Teamsters Win Overnight Strike at Private Carter to Protect Pension
The strike ended when M&M Sanitation backed off a plan that would allow the company to leave the union pension fund.
Teamsters Local 813 members went on strike Sunday night, December 9, to protect their pension at a New York City private carter. The strike ended when the company, M&M Sanitation, backed off a plan that would allow the company to leave the union pension fund.
"After you spend 25 years at this company, after you endure back injuries and herniated discs, you have a right to expect a decent retirement," said Benacio Crespi, a sanitation worker and shop steward at M&M Sanitation, in a statement. "Without a pension, we lose our retirement. We went on strike to protect ourselves, our families and the next generation."

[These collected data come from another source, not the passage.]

theorem theorem1p1:
  fixes q a b c d e :: complex
  assumes hq: "0 < norm q" "norm q < 1"
    and hn: "\<exists>n::nat. n \<ge> 1 \<and> (a = q ^ n \<or> b = q ^ n \<or> c = q ^ n)"
    and hnz: "a \<noteq> 0" "b \<noteq> 0" "c \<noteq> 0" "d \<noteq> 0" "e \<noteq> 0"
    and hwd: "\<forall>k::nat. qpoch a q (int k) \<noteq> 0 \<and> qpoch b q (int k) \<noteq> 0 \<and>
                qpoch c q (int k) \<noteq> 0 \<and> qpoch d q (int k) \<noteq> 0 \<and> qpoch e q (int k) \<noteq> 0"
  shows
   "(((\<forall>k::nat. qpoch (q^3/(a*b*c)) q (int k) \<noteq> 0)
      \<and> qpoch_inf a q * qpoch_inf b q * qpoch_inf c q * qpoch_inf (a*b*c/q^2) q \<noteq> 0
      \<and> (\<lambda>k::int. qpoch (q/a) q k * qpoch (q/b) q k * qpoch (q/c) q k * qpoch (q/d) q k * qpoch (q/e) q k
            / (qpoch a q k * qpoch b q k * qpoch c q k * qpoch d q k * qpoch e q k)
            * (a*b*c*d*e / q^3) powi k) summable_on UNIV)
     \<longrightarrow>
     (\<Sum>\<^sub>\<infinity>k::int. qpoch (q/a) q k * qpoch (q/b) q k * qpoch (q/c) q k * qpoch (q/d) q k * qpoch (q/e) q k
            / (qpoch a q k * qpoch b q k * qpoch c q k * qpoch d q k * qpoch e q k)
            * (a*b*c*d*e / q^3) powi k)
     = qpoch_inf q q * qpoch_inf (a*b/q) q * qpoch_inf (b*c/q) q * qpoch_inf (a*c/q) q
       / (qpoch_inf a q * qpoch_inf b q * qpoch_inf c q * qpoch_inf (a*b*c/q^2) q)
       * (\<Sum>k::nat. qpoch (q/a) q (int k) * qpoch (q/b) q (int k) * qpoch (q/c) q (int k)
                      * qpoch (d*e/q) q (int k)
            / (qpoch q q (int k) * qpoch (q^3/(a*b*c)) q (int k) * qpoch d q (int k) * qpoch e q (int k))
            * q ^ k))
    \<and>
    (((\<forall>k::nat. qpoch (q^2/(a*b*c)) q (int k) \<noteq> 0 \<and> qpoch (d*q) q (int k) \<noteq> 0
                 \<and> qpoch (e*q) q (int k) \<noteq> 0)
      \<and> qpoch_inf (a*q) q * qpoch_inf (b*q) q * qpoch_inf (c*q) q * qpoch_inf (a*b*c/q) q \<noteq> 0
      \<and> (\<lambda>k::int. qpoch (q/a) q k * qpoch (q/b) q k * qpoch (q/c) q k * qpoch (q/d) q k * qpoch (q/e) q k
            / (qpoch (a*q) q k * qpoch (b*q) q k * qpoch (c*q) q k * qpoch (d*q) q k * qpoch (e*q) q k)
            * (a*b*c*d*e / q) powi k) summable_on UNIV)
     \<longrightarrow>
     (\<Sum>\<^sub>\<infinity>k::int. qpoch (q/a) q k * qpoch (q/b) q k * qpoch (q/c) q k * qpoch (q/d) q k * qpoch (q/e) q k
            / (qpoch (a*q) q k * qpoch (b*q) q k * qpoch (c*q) q k * qpoch (d*q) q k * qpoch (e*q) q k)
            * (a*b*c*d*e / q) powi k)
     = qpoch_inf q q * qpoch_inf (a*b) q * qpoch_inf (b*c) q * qpoch_inf (a*c) q
       / (qpoch_inf (a*q) q * qpoch_inf (b*q) q * qpoch_inf (c*q) q * qpoch_inf (a*b*c/q) q)
       * (\<Sum>k::nat. qpoch (q/a) q (int k) * qpoch (q/b) q (int k) * qpoch (q/c) q (int k)
                      * qpoch (d*e) q (int k)
            / (qpoch q q (int k) * qpoch (q^2/(a*b*c)) q (int k) * qpoch (d*q) q (int k) * qpoch (e*q) q (int k))
            * q ^ k))"
proof -
  have q: "q \<noteq> 0" "norm q < 1" using hq by auto
  from hn obtain n where "n \<ge> 1" "a = q ^ n \<or> b = q ^ n \<or> c = q ^ n" by blast
  then have N: "a = q ^ Suc (n - 1) \<or> b = q ^ Suc (n - 1) \<or> c = q ^ Suc (n - 1)" by simp
  have h: "\<And>k. qp a q k \<noteq> 0" "\<And>k. qp b q k \<noteq> 0" "\<And>k. qp c q k \<noteq> 0" "\<And>k. qp d q k \<noteq> 0" "\<And>k. qp e q k \<noteq> 0"
    using hwd by (simp_all add: qpoch_of_nat)
  show ?thesis
    using psi55_first_identity[OF q N hnz h, unfolded psi55_term_def]
      psi55_second_identity[OF q N hnz h, unfolded psi55_term_q_def]
    by (intro conjI impI; elim conjE; simp)
qed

All of the company's 15 Teamsters employees, who drive and load garbage trucks that collect commercial trash across the five boroughs, joined in the strike that lasted into Monday morning. The union estimates that 2,000 New York City commercial businesses were impacted by the strike.
The carter is based in Newark, N.J., but serves the New York City market. Workers at a smaller company affiliated with M&M, Chelsea Sanitation, were also part of the strike.
"We are not going to stand by while private carters undermine the living standards of the working men and women who keep this city clean," said Sean Campbell, president of Teamsters Local 813, in a statement. "We are fighting back, in the streets and at city hall, to make this a middle-class job again."
The strike comes as the City of New York Department of Sanitation moves forward with a much-awaited overhaul of the private sanitation industry. The city's commercial waste zone policy will establish a competitive bidding process to assign carters to sections of the city and hold them to high labor, environmental and service standards.
"We are working with our allies in the Transform Don't Trash NYC coalition to ensure the strongest possible commercial waste zone policy passes the City Council," said Campbell.
Last month, the Teamsters achieved another win in their campaign to improve the lives of New York's commercial sanitation workers. Sanitation Salvage, a major hauler targeted by the Teamsters after the coverup of a young immigrant worker's death at the company last year, went out of business in November. Teamsters Local 813 secured agreements from unionized carters to hire the former Sanitation Salvage workers.